Third, companies realize they spent a ton of money on SAP [AG], Siebel [Systems Inc.] and so on, trying to automate business processes. But none of that really matters if they cant really use the information that is being created by all these transactions. The real return from these applications comes from the exploitation of that information. Finally, with all the financial scandals, you need to have very good reporting. And the CEO and the management team absolutely need to understand how the business is going.
Whats new in BI?
This concept of performance management is the new trend. Its the idea of using BI to drive corporate initiatives and measure these corporate initiatives. So, when a company defines its strategy, it defines goals that are specific to the strategy, and then BI starts playing a role, enabling the capture of these goals and being able to assign these goals to managers, functions, individuals throughout the organization and track the performance of the company vis-à-vis these particular targets. Then notify the proper people or organization when a particular metric or target is not met.
How will you enable your products to actually execute a change in a companys operations?
We are creating the concept of intelligent documents, which are not only reports or particular pieces of analysis, but we also have some specific action items linked to a particular analysis. So you [might] have three or four recommended next steps or next actions that are linked into the analysis. When someone receives a piece of information, he has options of different actions to take, and he can check these actions or link directly to the place where he can take the action. And, if he takes a particular action, this is recorded in the system. So, afterward, a manager can look at what has been looked at and what have been the actions taken.
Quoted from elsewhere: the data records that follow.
(* If $G$ is a uniformly dense (finite, simple) graph containing a cycle, then its girth satisfies $\operatorname{gir}(G)\ge\rho(G)/(\rho(G)-1)$.
   Context: For $A\subseteq E$, $c(A)$ is the number of components of $(V,A)$, $\operatorname{rank}(A)=|V|-c(A)$, $\rho(A)=|A|/\operatorname{rank}(A)$, $\rho(G)=\rho(E)$; $G$ is uniformly dense if $\rho(A)\le\rho(G)$ for all nonempty $A\subseteq E$. The girth $\operatorname{gir}(G)$ is the number of edges in a smallest cycle. *)

theory Defs
  imports Complex_Main
begin

definition simple_graph :: "'a set \<Rightarrow> 'a set set \<Rightarrow> bool" where
  "simple_graph V E \<longleftrightarrow> finite V \<and> (\<forall>e\<in>E. e \<subseteq> V \<and> card e = 2)"

definition adj :: "'a set set \<Rightarrow> 'a \<Rightarrow> 'a \<Rightarrow> bool" where
  "adj A x y \<longleftrightarrow> {x, y} \<in> A"

definition components :: "'a set \<Rightarrow> 'a set set \<Rightarrow> 'a set set" where
  "components V A = {{y \<in> V. (adj A)\<^sup>*\<^sup>* x y} | x. x \<in> V}"

definition num_components :: "'a set \<Rightarrow> 'a set set \<Rightarrow> nat" where
  "num_components V A = card (components V A)"

definition graph_rank :: "'a set \<Rightarrow> 'a set set \<Rightarrow> nat" where
  "graph_rank V A = card V - num_components V A"

definition density :: "'a set \<Rightarrow> 'a set set \<Rightarrow> real" where
  "density V A = real (card A) / real (graph_rank V A)"

definition uniformly_dense :: "'a set \<Rightarrow> 'a set set \<Rightarrow> bool" where
  "uniformly_dense V E \<longleftrightarrow>
     (\<forall>A. A \<subseteq> E \<and> A \<noteq> {} \<longrightarrow> density V A \<le> density V E)"

definition is_cycle :: "'a set \<Rightarrow> 'a set set \<Rightarrow> 'a list \<Rightarrow> bool" where
  "is_cycle V E vs \<longleftrightarrow> length vs \<ge> 3 \<and> distinct vs \<and> set vs \<subseteq> V \<and>
     (\<forall>i < length vs. {vs ! i, vs ! ((i + 1) mod length vs)} \<in> E)"

definition has_cycle :: "'a set \<Rightarrow> 'a set set \<Rightarrow> bool" where
  "has_cycle V E \<longleftrightarrow> (\<exists>vs. is_cycle V E vs)"

definition girth :: "'a set \<Rightarrow> 'a set set \<Rightarrow> nat" where
  "girth V E = (LEAST k. \<exists>vs. is_cycle V E vs \<and> length vs = k)"

end

theory Submission
  imports Defs
begin

text \<open>Let \<open>C\<close> be a shortest cycle, of length \<open>g = gir(G)\<close>. Its edge set spans one component
  on the \<open>g\<close> vertices of \<open>C\<close> and leaves all other vertices isolated, so it has \<open>g\<close> edges and
  rank \<open>g - 1\<close>. Uniform density gives \<open>g / (g - 1) \<le> \<rho>(G)\<close>, and since \<open>t \<mapsto> t / (t - 1)\<close>
  is a decreasing involution of \<open>(1, \<infinity>)\<close> this is equivalent to \<open>\<rho>(G) / (\<rho>(G) - 1) \<le> g\<close>.\<close>

lemma symp_adj: "symp (adj A)"
  by (auto intro: sympI simp: adj_def insert_commute)

lemma equivp_rtranclp_adj: "equivp (adj A)\<^sup>*\<^sup>*"
  using equivp_rtranclp[OF symp_adj] .

lemma rtranclp_adj_cases:
  assumes "(adj A)\<^sup>*\<^sup>* x y"
  shows "x = y \<or> (x \<in> \<Union>A \<and> y \<in> \<Union>A)"
  using assms by (induction rule: rtranclp_induct) (auto simp: adj_def)

lemma components_single_nontrivial:
  assumes "S \<subseteq> V" "S \<noteq> {}" "\<Union>A \<subseteq> S"
    and connected: "\<And>x y. x \<in> S \<Longrightarrow> y \<in> S \<Longrightarrow> (adj A)\<^sup>*\<^sup>* x y"
  shows "components V A = insert S ((\<lambda>x. {x}) ` (V - S))"
proof -
  define C where "C x = {y \<in> V. (adj A)\<^sup>*\<^sup>* x y}" for x
  have reach_closed: "y \<in> S" if "x \<in> S" "(adj A)\<^sup>*\<^sup>* x y" for x y
    using rtranclp_adj_cases[OF that(2)] that(1) \<open>\<Union>A \<subseteq> S\<close> by blast
  have "C x = S" if "x \<in> S" for x
  proof
    show "C x \<subseteq> S"
      using reach_closed[OF that] by (auto simp: C_def)
    show "S \<subseteq> C x"
      using connected[OF that] \<open>S \<subseteq> V\<close> by (auto simp: C_def)
  qed
  then have "C ` S = {S}"
    using \<open>S \<noteq> {}\<close> by auto
  moreover have "C x = {x}" if "x \<in> V - S" for x
  proof -
    have "y = x" if "(adj A)\<^sup>*\<^sup>* x y" for y
      using rtranclp_adj_cases[OF that] \<open>x \<in> V - S\<close> \<open>\<Union>A \<subseteq> S\<close> by blast
    then show ?thesis
      using \<open>x \<in> V - S\<close> by (auto simp: C_def)
  qed
  then have "C ` (V - S) = (\<lambda>x. {x}) ` (V - S)"
    by auto
  moreover have "C ` V = C ` S \<union> C ` (V - S)"
    using \<open>S \<subseteq> V\<close> by blast
  moreover have "components V A = C ` V"
    unfolding components_def C_def by blast
  ultimately show ?thesis
    by simp
qed

lemma graph_rank_single_nontrivial:
  assumes "finite V" "S \<subseteq> V" "S \<noteq> {}" "\<Union>A \<subseteq> S"
    and "\<And>x y. x \<in> S \<Longrightarrow> y \<in> S \<Longrightarrow> (adj A)\<^sup>*\<^sup>* x y"
  shows "graph_rank V A = card S - 1"
proof -
  have "finite S"
    using assms(1,2) finite_subset by blast
  then have "S \<notin> (\<lambda>x. {x}) ` (V - S)"
    using \<open>S \<noteq> {}\<close> by auto
  then have "num_components V A = card (V - S) + 1"
    using assms by (simp add: num_components_def components_single_nontrivial card_image)
  moreover have "card (V - S) = card V - card S" "card S \<le> card V"
    using assms(1,2) \<open>finite S\<close> by (auto simp: card_Diff_subset card_mono)
  ultimately show ?thesis
    unfolding graph_rank_def by simp
qed

definition cycle_edges :: "'a list \<Rightarrow> 'a set set" where
  "cycle_edges vs = (\<lambda>i. {vs ! i, vs ! ((i + 1) mod length vs)}) ` {..<length vs}"

lemma cycle_edges_subset: "is_cycle V E vs \<Longrightarrow> cycle_edges vs \<subseteq> E"
  by (auto simp: is_cycle_def cycle_edges_def)

lemma Union_cycle_edges: "\<Union> (cycle_edges vs) \<subseteq> set vs"
  by (auto simp: cycle_edges_def intro!: nth_mem mod_less_divisor)

lemma mod_successor_involutive_imp_le_2:
  fixes i j g :: nat
  assumes "i < g" "i = (j + 1) mod g" "j = (i + 1) mod g"
  shows "g \<le> 2"
proof -
  have "(i + 2) mod g = ((i + 1) mod g + 1) mod g"
    by (simp add: mod_Suc_eq)
  also have "\<dots> = (j + 1) mod g"
    using assms(3) by simp
  also have "\<dots> = i mod g"
    using assms(1,2) by simp
  finally have "g dvd 2"
    using mod_eq_dvd_iff_nat[of i "i + 2" g] by simp
  then show ?thesis
    by (simp add: dvd_imp_le)
qed

lemma card_cycle_edges:
  assumes "distinct vs" "length vs \<ge> 3"
  shows "card (cycle_edges vs) = length vs"
proof -
  let ?g = "length vs"
  have "inj_on (\<lambda>i. {vs ! i, vs ! ((i + 1) mod ?g)}) {..<?g}"
  proof (rule inj_onI)
    fix i j
    assume i: "i \<in> {..<?g}" and j: "j \<in> {..<?g}"
      and eq: "{vs ! i, vs ! ((i + 1) mod ?g)} = {vs ! j, vs ! ((j + 1) mod ?g)}"
    have "(i + 1) mod ?g < ?g" "(j + 1) mod ?g < ?g"
      using i by (auto intro!: mod_less_divisor)
    with eq have "i = j \<or> (i = (j + 1) mod ?g \<and> j = (i + 1) mod ?g)"
      using i j \<open>distinct vs\<close> by (auto simp: doubleton_eq_iff nth_eq_iff_index_eq)
    then show "i = j"
      using mod_successor_involutive_imp_le_2 i \<open>length vs \<ge> 3\<close> by fastforce
  qed
  then show ?thesis
    by (simp add: cycle_edges_def card_image)
qed

lemma cycle_edges_connected:
  assumes "x \<in> set vs" "y \<in> set vs"
  shows "(adj (cycle_edges vs))\<^sup>*\<^sup>* x y"
proof -
  have from_first: "(adj (cycle_edges vs))\<^sup>*\<^sup>* (vs ! 0) (vs ! i)" if "i < length vs" for i
    using that
  proof (induction i)
    case 0
    then show ?case by simp
  next
    case (Suc k)
    then have "adj (cycle_edges vs) (vs ! k) (vs ! Suc k)"
      by (force simp: adj_def cycle_edges_def)
    with Suc show ?case
      by (meson Suc_lessD rtranclp.rtrancl_into_rtrancl)
  qed
  obtain i j where "i < length vs" "j < length vs" "x = vs ! i" "y = vs ! j"
    using assms by (metis in_set_conv_nth)
  then show ?thesis
    using from_first equivp_rtranclp_adj
    by (metis equivp_symp equivp_transp)
qed

lemma density_cycle_edges:
  assumes "finite V" "is_cycle V E vs"
  shows "density V (cycle_edges vs) = real (length vs) / (real (length vs) - 1)"
proof -
  have "length vs \<ge> 3" "distinct vs" "set vs \<subseteq> V"
    using assms(2) by (auto simp: is_cycle_def)
  moreover have "set vs \<noteq> {}"
    using \<open>length vs \<ge> 3\<close> by auto
  ultimately have "graph_rank V (cycle_edges vs) = length vs - 1"
    using graph_rank_single_nontrivial[OF assms(1) _ _ Union_cycle_edges cycle_edges_connected]
    by (simp add: distinct_card)
  then show ?thesis
    using \<open>length vs \<ge> 3\<close> \<open>distinct vs\<close> by (simp add: density_def card_cycle_edges of_nat_diff)
qed

lemma girth_attained:
  assumes "has_cycle V E"
  obtains vs where "is_cycle V E vs" "length vs = girth V E"
proof -
  have "\<exists>k vs. is_cycle V E vs \<and> length vs = k"
    using assms by (auto simp: has_cycle_def)
  from LeastI_ex[OF this] show ?thesis
    using that unfolding girth_def by blast
qed

lemma divide_pred_le_swap:
  fixes x r :: real
  assumes "x > 1" "x / (x - 1) \<le> r"
  shows "r / (r - 1) \<le> x"
proof -
  have "x / (x - 1) > 1"
    using assms(1) by (simp add: less_divide_eq)
  then have "r - 1 > 0"
    using assms(2) by linarith
  have "x \<le> r * (x - 1)"
    using assms by (simp add: pos_divide_le_eq)
  then have "r \<le> x * (r - 1)"
    by (simp add: algebra_simps)
  then show ?thesis
    using \<open>r - 1 > 0\<close> by (simp add: pos_divide_le_eq)
qed

theorem proposition3p8:
  fixes V :: "'a set" and E :: "'a set set"
  assumes "simple_graph V E"
    and "uniformly_dense V E"
    and "has_cycle V E"
  shows "real (girth V E) \<ge> density V E / (density V E - 1)"
proof -
  obtain vs where cycle: "is_cycle V E vs" and length: "length vs = girth V E"
    using girth_attained[OF assms(3)] .
  have "finite V"
    using assms(1) by (simp add: simple_graph_def)
  have "cycle_edges vs \<noteq> {}"
    using cycle by (auto simp: is_cycle_def cycle_edges_def lessThan_empty_iff)
  then have "density V (cycle_edges vs) \<le> density V E"
    using assms(2) cycle_edges_subset[OF cycle] by (simp add: uniformly_dense_def)
  then have "real (length vs) / (real (length vs) - 1) \<le> density V E"
    using density_cycle_edges[OF \<open>finite V\<close> cycle] by simp
  moreover have "real (length vs) > 1"
    using cycle by (simp add: is_cycle_def)
  ultimately show ?thesis
    using divide_pred_le_swap length by fastforce
qed

end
It doesnt mean everything is automated. We dont try to automate the closed-loop process. Customers in general would be very reluctant to let that happen, to have a process where business intelligence is in the middle, makes a decision and then automates the closed loop. But enabling the user to close the loop is important.
Is this idea more than a vision at this point?
Its translating into products. The first thing is the change of business intelligence products from being very report-centric to being more metric-centric. Youve started seeing that in Business Objects products today. We have products that cover the management of metrics. And then you have, in the products, the ability to go from a metric all the way to analysis.
But we also need prepackaged analytical applications that cover many different functions in the enterprise. So weve spent the last two years building a full suite of enterprise analytic applications that cover customer intelligence, supply chain intelligence, HR intelligence and financial intelligence.
For now, the most important thing for us is to complete the enterprise suite. We feel it is more important for us to have a suite of analytical applications that cover all the functions in the enterprise before starting to verticalize. The verticalization will start happening next year. Today we have about 14 modules, and we have about five more in development.